If you are early-stage with a hard deadline and unfamiliar geography, outsource the build; you do not have time to make the classic first-timer mistakes on a clock you cannot reset. If you are established with a stable team and a modest, familiar expansion, keep it in-house; you already have the machine and the ramp is short. If you are established but facing a surge that dwarfs your team's steady-state capacity, go hybrid and let a firm absorb the peak.
The most expensive path is the one taken by default — deciding to build in-house without pricing the ramp, the infrastructure, and the deadline risk, then discovering three months in that the network will not be adequate in time.
Deadline risk is the number that matters
Every staffing model has a cost. The one that is hardest to see, and most punishing when it lands, is the cost of missing the date.

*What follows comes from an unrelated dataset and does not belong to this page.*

(* Let $b,\ell\ge1$, $s=2^b$ and $m=(s/2)^\ell=2^{(b-1)\ell}$. Let $\mathcal F_{b,\ell}$ be the family of all graphs obtained from $G_{b,\ell}$ by deleting an arbitrary subset of the level-$\ell$ vertices $\{v_{\ell,\vec j}:\vec j\in[0,s-1]^\ell\}$ together with their incident edges. Then any distance labeling scheme for $\mathcal F_{b,\ell}$ assigns, for some graph in $\mathcal F_{b,\ell}$, to some vertex a label of at least $\textsc{SumIndex}(m)-b\ell$ bits.
   Context: Notation $[a,b]=\{a,\dots,b\}$. Fix $b,\ell\ge1$, $s=2^b$, $A=3\ell s^2$. The weighted graph $H_{b,\ell}$ has vertex set $\bigcup_{i=0}^{2\ell}V_i$, $V_i=\{v_{i,\vec j}:\vec j\in[0,s-1]^\ell\}$; for $i\in[0,2\ell-1]$ let $c(i)=i+1$ if $i<\ell$, $c(i)=2\ell-i$ if $i\ge\ell$; $v_{i,\vec j}$ and $v_{i+1,\vec j'}$ are adjacent iff $j_k=j'_k$ for all $k\ne c(i)$, with weight $A+(j_{c(i)}-j'_{c(i)})^2$; no other edges. The unweighted graph $G_{b,\ell}$: each $v\in V_i$ is kept and gets attached (root adjacent to $v$) a complete binary tree $T^{\mathrm{in}}_v$ of depth $b$ (only if $i>0$) with leaves $v^{\mathrm{in}}_u$ for the neighbors $u\in V_{i-1}$, and a complete binary tree $T^{\mathrm{out}}_v$ of depth $b$ (only if $i<2\ell$) with leaves $v^{\mathrm{out}}_u$ for the neighbors $u\in V_{i+1}$; trees disjoint; for each edge $e=\{u,v\}$ of $H_{b,\ell}$, $u\in V_i,v\in V_{i+1}$, the leaves $u^{\mathrm{out}}_v$ and $v^{\mathrm{in}}_u$ are joined by a path of length $w(e)-2b-2$ through new vertices. A distance labeling scheme for a family $\mathcal F$ of graphs consists of a fixed decoding function $f$ and, for each $G\in\mathcal F$, an assignment of binary strings $\mathsf{label}(u)$ to vertices $u\in V(G)$, such that $f(\mathsf{label}(u),\mathsf{label}(v))=\mathrm{dist}_G(u,v)$ for all $u,v$. Sum-Index problem on $\mathbb Z_n$: a string $S=S_0\dots S_{n-1}\in\{0,1\}^n$ is known to both Alice and Bob; Alice also holds $a\in[0,n-1]$, Bob holds $b'\in[0,n-1]$; each simultaneously sends one message to a referee, who must output $S_{(a+b')\bmod n}$ from the two messages alone. $\textsc{SumIndex}(n)$ denotes the minimum, over deterministic such protocols, of the maximum (over inputs and both players) message length in bits. *)

theory Defs
  imports Main "HOL-Library.Extended_Nat"
begin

A network that is not adequate by its filing deadline can delay a launch, shrink a service area, or stall enrollment entirely — and none of those setbacks appear in a salary comparison.
So weigh the decision against deadline risk, not just direct cost. The right question is not merely which model is cheaper per provider. It is which model most reliably delivers an adequate, compliant, correctly loaded network by the date that is not moving. When we help a plan make this call, that is the number we put at the center of the analysis — and it is usually the number that decides it.